--- Data supplied Enclosed Below ---

text \<open>Write \<open>D = G - A\<close>, \<open>w = D u\<close>, \<open>c = u\<^sup>T D u\<close> and \<open>q = w\<^sup>T G\<^sup>-\<^sup>1 w\<close>.
  The SR1 update equals \<open>G (I - c\<^sup>-\<^sup>1 G\<^sup>-\<^sup>1 w w\<^sup>T)\<close>, so by the matrix determinant lemma
  its determinant is \<open>det G \<cdot> (1 - q / c)\<close>, and \<open>V(A,G) - V(A,SR1)\<close> is \<open>ln (c / (c - q))\<close>.
  The identity \<open>A - A G\<^sup>-\<^sup>1 A = D - D G\<^sup>-\<^sup>1 D\<close> turns the denominator of \<open>\<nu>\<^sup>2\<close> into \<open>c - q\<close>,
  so \<open>1 + \<nu>\<^sup>2 = c / (c - q)\<close> as well. All logarithms are defined because \<open>0 < q < c\<close>:
  with \<open>z = G\<^sup>-\<^sup>1 w\<close> one has \<open>q = z\<^sup>T G z\<close> and \<open>c - q = (u - z)\<^sup>T D (u - z) + z\<^sup>T A z\<close>.\<close>

definition outer :: "'a::times^'m \<Rightarrow> 'a^'n \<Rightarrow> 'a^'n^'m" where
  "outer a b = (\<chi> i j. a$i * b$j)"

lemma matrix_mul_outer:
  fixes M :: "'a::comm_semiring_1^'m^'k"
  shows "M ** outer a b = outer (M *v a) b"
  by (simp add: outer_def vec_eq_iff matrix_matrix_mult_def matrix_vector_mult_def
      sum_distrib_right mult.assoc)

lemma det_mat1_column_update:
  fixes x :: "'a::field^'n"
  shows "det (\<chi> i j. if j = k then x$i else (mat 1 :: 'a^'n^'n)$i$j) = x$k"
  using cramer_lemma[of k "mat 1 :: 'a^'n^'n" x] unfolding matrix_vector_mul_lid det_I by simp

lemma sum_scale_rows_mat1:
  fixes x :: "'a::semiring_1^'n"
  shows "(\<Sum>i\<in>UNIV. x$i *s row i (mat 1 :: 'a^'n^'n)) = x"
  by (simp add: vec_eq_iff row_def mat_def sum_component if_distrib cong: if_cong)

lemma det_mat1_row_update:
  fixes x :: "'a::field^'n"
  shows "det (\<chi> i. if i = k then x else row i (mat 1 :: 'a^'n^'n)) = x$k"
  using cramer_lemma_transpose[of k x "mat 1 :: 'a^'n^'n"]
  unfolding sum_scale_rows_mat1 det_I by simp

lemma mat1_add_outer_row_update_factor:
  fixes a b :: "'a::comm_semiring_1^'n"
  shows "(\<chi> i. if i = k then b else row i (mat 1) + a$i *s b) =
    (\<chi> i j. if j = k then (\<chi> i. if i = k then 1 else a$i)$i else (mat 1 :: 'a^'n^'n)$i$j) **
    (\<chi> i. if i = k then b else row i (mat 1 :: 'a^'n^'n))"
    (is "_ = ?L ** ?P")
proof -
  have "(?L ** ?P)$i$j = (if i = k then b$j else (row i (mat 1) + a$i *s b)$j)" for i j
  proof -
    have "(?L ** ?P)$i$j =
        (\<Sum>l\<in>UNIV. (if l = k then (if i = k then 1 else a$i) * ?P$l$j else 0)
          + (if l = i \<and> i \<noteq> k then ?P$l$j else 0))"
      unfolding matrix_matrix_mult_def vec_lambda_beta
      by (intro sum.cong) (auto simp: mat_def)
    then show ?thesis
      by (simp add: sum.distrib row_def mat_def ac_simps)
  qed
  then show ?thesis
    by (simp add: vec_eq_iff)
qed

lemma det_mat1_add_outer:
  fixes a b :: "'a::field^'n"
  shows "det (mat 1 + outer a b) = 1 + (\<Sum>i\<in>UNIV. a$i * b$i)"
proof (cases "b = 0")
  case True
  then have "outer a b = 0"
    by (simp add: outer_def vec_eq_iff)
  with True show ?thesis
    by simp
next
  case False
  then obtain k where bk: "b$k \<noteq> 0" by (auto simp: vec_eq_iff)
  \<comment> \<open>Replacing row \<open>k\<close> of \<open>M\<close> by \<open>\<Sum>i. b\<^sub>i row\<^sub>i M = (1 + s) b\<close> scales \<open>det M\<close> by \<open>b\<^sub>k\<close>;
    with row \<open>b\<close> instead, the matrix factors into a column and a row update of \<open>mat 1\<close>.\<close>
  define M where "M = mat 1 + outer a b"
  define s where "s = (\<Sum>i\<in>UNIV. a$i * b$i)"
  have row_M: "row i M = row i (mat 1) + a$i *s b" for i
    by (simp add: M_def outer_def vec_eq_iff row_def)
  have sum_rows: "(\<Sum>i\<in>UNIV. b$i *s row i M) = (1 + s) *s b"
    by (simp add: row_M vector_add_ldistrib vector_smult_assoc sum.distrib sum_scale_rows_mat1
        vector_sadd_rdistrib s_def mult.commute flip: vec.scale_sum_left)
  have "b$k * det M = det (\<chi> i. if i = k then (1 + s) *s b else row i M)"
    using cramer_lemma_transpose[of k b M] unfolding sum_rows by (rule sym)
  also have "\<dots> = (1 + s) * det (\<chi> i. if i = k then b else row i M)"
    by (rule det_row_mul)
  also have "(\<chi> i. if i = k then b else row i M) =
      (\<chi> i j. if j = k then (\<chi> i. if i = k then 1 else a$i)$i else (mat 1 :: 'a^'n^'n)$i$j) **
      (\<chi> i. if i = k then b else row i (mat 1 :: 'a^'n^'n))"
    unfolding row_M by (rule mat1_add_outer_row_update_factor)
  finally have "b$k * det M = (1 + s) * b$k"
    by (simp only: det_mul det_mat1_column_update det_mat1_row_update) simp
  then show ?thesis
    using bk by (simp add: M_def s_def)
qed

lemma symm_vector_matrix_mult:
  assumes "symm M"
  shows "x v* M = M *v x"
  using assms by (simp add: symm_def flip: transpose_matrix_vector)

lemma symm_inner:
  assumes "symm M"
  shows "x \<bullet> (M *v y) = (M *v x) \<bullet> y"
  by (metis assms dot_lmul_matrix symm_vector_matrix_mult)

lemma symm_diff:
  assumes "symm A" and "symm B"
  shows "symm (A - B)"
  using assms by (simp add: symm_def transpose_def vec_eq_iff)

lemma pd_add_psd:
  assumes "pd A" and "psd B"
  shows "pd (A + B)"
  using assms unfolding pd_def psd_def
  by (simp add: matrix_vector_mult_add_rdistrib inner_add_right add_pos_nonneg)

lemma pd_imp_invertible:
  assumes "pd M"
  shows "invertible M"
proof -
  have "M *v x = 0 \<Longrightarrow> x = 0" for x
    using assms unfolding pd_def by (metis inner_zero_right less_irrefl)
  then show ?thesis
    using invertible_left_inverse matrix_left_invertible_ker by blast
qed

lemma matrix_inv_right:
  assumes "invertible M"
  shows "M ** matrix_inv M = mat 1"
  using someI_ex[OF assms[unfolded invertible_def]] by (simp add: matrix_inv_def)

lemma matrix_inv_left:
  assumes "invertible M"
  shows "matrix_inv M ** M = mat 1"
  using someI_ex[OF assms[unfolded invertible_def]] by (simp add: matrix_inv_def)

lemma det_matrix_inv:
  fixes M :: "'a::field^'n^'n"
  assumes "invertible M"
  shows "det (matrix_inv M) = inverse (det M)"
  using arg_cong[OF matrix_inv_right[OF assms], of det] invertible_det_nz[of M] assms
  by (simp add: det_mul field_simps)

text \<open>The segment from \<open>mat 1\<close> to \<open>M\<close> stays positive definite, hence invertible, so by
  continuity the determinant cannot change sign along it.\<close>

lemma pd_det_pos:
  assumes "pd M"
  shows "0 < det M"
proof (rule ccontr)
  assume "\<not> 0 < det M"
  define f where "f t = det (mat 1 + t *\<^sub>R (M - mat 1))" for t :: real
  have pd_segment: "pd (mat 1 + t *\<^sub>R (M - mat 1))" if "0 \<le> t" "t \<le> 1" for t
    unfolding pd_def
  proof (intro allI impI)
    fix x :: "real^'a"
    assume "x \<noteq> 0"
    then have "0 < x \<bullet> x" and "0 < x \<bullet> (M *v x)"
      using assms by (auto simp: pd_def)
    moreover have "x \<bullet> ((mat 1 + t *\<^sub>R (M - mat 1)) *v x) = (1 - t) * (x \<bullet> x) + t * (x \<bullet> (M *v x))"
      by (simp add: algebra_simps matrix_vector_mult_add_rdistrib matrix_vector_mult_diff_rdistrib
          inner_diff_right flip: scaleR_matrix_vector_assoc)
    ultimately show "0 < x \<bullet> ((mat 1 + t *\<^sub>R (M - mat 1)) *v x)"
      using that by (smt (verit) mult_nonneg_nonneg mult_pos_pos)
  qed
  have "continuous_on {0..1} f"
    unfolding f_def det_def by (intro continuous_intros)
  moreover have "f 1 \<le> 0" and "0 \<le> f 0"
    using \<open>\<not> 0 < det M\<close> by (simp_all add: f_def)
  ultimately obtain t where "0 \<le> t" "t \<le> 1" "f t = 0"
    using IVT2' by (metis zero_le_one)
  then show False
    using pd_imp_invertible[OF pd_segment] by (simp add: f_def invertible_det_nz)
qed

lemma matrix_diff_ldistrib:
  fixes A :: "'a::ring_1^'n^'m"
  shows "A ** (B - C) = A ** B - A ** C"
  by (simp add: matrix_matrix_mult_def vec_eq_iff sum_subtractf algebra_simps)

lemma matrix_diff_rdistrib:
  fixes A :: "'a::ring_1^'n^'m"
  shows "(A - B) ** C = A ** C - B ** C"
  by (simp add: matrix_matrix_mult_def vec_eq_iff sum_subtractf algebra_simps)

lemma sandwich_inverse_complement:
  fixes A G Gi :: "'a::comm_ring_1^'n^'n"
  assumes "G ** Gi = mat 1" and "Gi ** G = mat 1"
  shows "A - A ** Gi ** A = (G - A) - (G - A) ** Gi ** (G - A)"
proof -
  have "G ** (Gi ** A) = A"
    by (metis assms(1) matrix_mul_assoc matrix_mul_lid)
  then show ?thesis
    using assms(2)
    by (simp add: matrix_diff_ldistrib matrix_diff_rdistrib algebra_simps flip: matrix_mul_assoc)
qed

lemma det_SR1:
  assumes "invertible G" and "symm (G - A)"
  shows "det (SR1 A G u) =
    det G * (1 - u \<bullet> ((G - A) ** matrix_inv G ** (G - A) *v u) / (u \<bullet> ((G - A) *v u)))"
proof (cases "(G - A) *v u = 0")
  case True
  then show ?thesis
    by (simp add: SR1_def flip: matrix_vector_mul_assoc)
next
  case False
  define w where "w = (G - A) *v u"
  define c where "c = u \<bullet> w"
  define z where "z = matrix_inv G *v w"
  have Gz: "G *v z = w"
    by (simp add: z_def matrix_vector_mul_assoc matrix_inv_right[OF assms(1)])
  have "SR1 A G u = G - (1 / c) *\<^sub>R outer w w"
    using False by (simp add: SR1_def outer_def symm_vector_matrix_mult[OF assms(2)] w_def c_def)
  also have "\<dots> = G + outer (G *v (- (1 / c) *\<^sub>R z)) w"
    unfolding matrix_vector_mult_scaleR Gz by (simp add: outer_def vec_eq_iff)
  also have "\<dots> = G ** (mat 1 + outer (- (1 / c) *\<^sub>R z) w)"
    by (simp add: matrix_add_ldistrib matrix_mul_outer)
  finally have "det (SR1 A G u) = det G * (1 - (z \<bullet> w) / c)"
    by (simp add: det_mul det_mat1_add_outer inner_vec_def sum_negf sum_divide_distrib)
  moreover have "u \<bullet> ((G - A) ** matrix_inv G ** (G - A) *v u) = z \<bullet> w"
    using symm_inner[OF assms(2), of u z]
    by (simp add: z_def w_def inner_commute flip: matrix_vector_mul_assoc)
  ultimately show ?thesis
    by (simp add: c_def w_def)
qed

lemma sandwich_form_bounds:
  assumes "symm A" and "symm G" and "pd A" and "psd (G - A)" and "(G - A) *v u \<noteq> 0"
  shows "0 < u \<bullet> ((G - A) ** matrix_inv G ** (G - A) *v u)"
    and "u \<bullet> ((G - A) ** matrix_inv G ** (G - A) *v u) < u \<bullet> ((G - A) *v u)"
proof -
  define D where "D = G - A"
  define z where "z = matrix_inv G *v (D *v u)"
  have "pd G"
    using pd_add_psd[OF assms(3,4)] by simp
  have Gz: "G *v z = D *v u"
    using matrix_inv_right[OF pd_imp_invertible[OF \<open>pd G\<close>]]
    by (simp add: z_def matrix_vector_mul_assoc matrix_mul_assoc)
  then have "z \<noteq> 0"
    using assms(5) by (auto simp: D_def)
  have symm_D: "symm D"
    using symm_diff[OF assms(2,1)] by (simp add: D_def)
  have q_eq: "u \<bullet> (D ** matrix_inv G ** D *v u) = z \<bullet> (G *v z)"
    using symm_inner[OF symm_D, of u z]
    by (simp add: Gz inner_commute flip: matrix_vector_mul_assoc z_def)
  have "u \<bullet> (D *v u) - z \<bullet> (G *v z) = (u - z) \<bullet> (D *v (u - z)) + z \<bullet> (A *v z)"
  proof -
    have "z \<bullet> (G *v z) = u \<bullet> (D *v z)" and "z \<bullet> (D *v u) = u \<bullet> (D *v z)"
      using symm_inner[OF symm_D, of u z] by (simp_all add: Gz inner_commute)
    moreover have "A = G - D"
      by (simp add: D_def)
    ultimately show ?thesis
      by (simp add: matrix_vector_mult_diff_distrib matrix_vector_mult_diff_rdistrib
          inner_diff_left inner_diff_right)
  qed
  moreover have "0 \<le> (u - z) \<bullet> (D *v (u - z))" and "0 < z \<bullet> (A *v z)" and "0 < z \<bullet> (G *v z)"
    using assms(3,4) \<open>pd G\<close> \<open>z \<noteq> 0\<close> by (simp_all add: D_def psd_def pd_def)
  ultimately show "0 < u \<bullet> ((G - A) ** matrix_inv G ** (G - A) *v u)"
    and "u \<bullet> ((G - A) ** matrix_inv G ** (G - A) *v u) < u \<bullet> ((G - A) *v u)"
    unfolding D_def[symmetric] q_eq by linarith+
qed

lemma nu_squared:
  fixes A G :: "real^'n^'n" and u :: "real^'n"
  defines "q \<equiv> u \<bullet> ((G - A) ** matrix_inv G ** (G - A) *v u)"
    and "c \<equiv> u \<bullet> ((G - A) *v u)"
  assumes "invertible G" and "(G - A) *v u \<noteq> 0" and "0 \<le> q" and "q < c"
  shows "(nu A G u)\<^sup>2 = q / (c - q)"
proof -
  have "u \<bullet> ((A - A ** matrix_inv G ** A) *v u) = c - q"
    unfolding sandwich_inverse_complement[OF matrix_inv_right[OF assms(3)] matrix_inv_left[OF assms(3)], of A]
    by (simp only: c_def q_def matrix_vector_mult_diff_rdistrib inner_diff_right)
  then have "nu A G u = sqrt (q / (c - q))"
    using assms(4) unfolding nu_def q_def[symmetric] by simp
  with assms(5,6) show ?thesis
    by simp
qed

lemma Vf_diff:
  assumes "0 < det A" and "0 < det G" and "0 < det H"
  shows "Vf A G - Vf A H = ln (det G / det H)"
proof -
  have "det (matrix_inv A) = inverse (det A)"
    using assms(1) by (simp add: det_matrix_inv invertible_det_nz)
  with assms show ?thesis
    by (simp add: Vf_def det_mul ln_mult ln_div ln_inverse)
qed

--- End of Enclosed Data supplied ---

Your assignment: Reproduce only the lines between the line containing "A ** matrix_inv" and the last line of the records, those two lines included, exactly.

Exercise answer:
  have "u \<bullet> ((A - A ** matrix_inv G ** A) *v u) = c - q"
    unfolding sandwich_inverse_complement[OF matrix_inv_right[OF assms(3)] matrix_inv_left[OF assms(3)], of A]
    by (simp only: c_def q_def matrix_vector_mult_diff_rdistrib inner_diff_right)
  then have "nu A G u = sqrt (q / (c - q))"
    using assms(4) unfolding nu_def q_def[symmetric] by simp
  with assms(5,6) show ?thesis
    by simp
qed

lemma Vf_diff:
  assumes "0 < det A" and "0 < det G" and "0 < det H"
  shows "Vf A G - Vf A H = ln (det G / det H)"
proof -
  have "det (matrix_inv A) = inverse (det A)"
    using assms(1) by (simp add: det_matrix_inv invertible_det_nz)
  with assms show ?thesis
    by (simp add: Vf_def det_mul ln_mult ln_div ln_inverse)
qed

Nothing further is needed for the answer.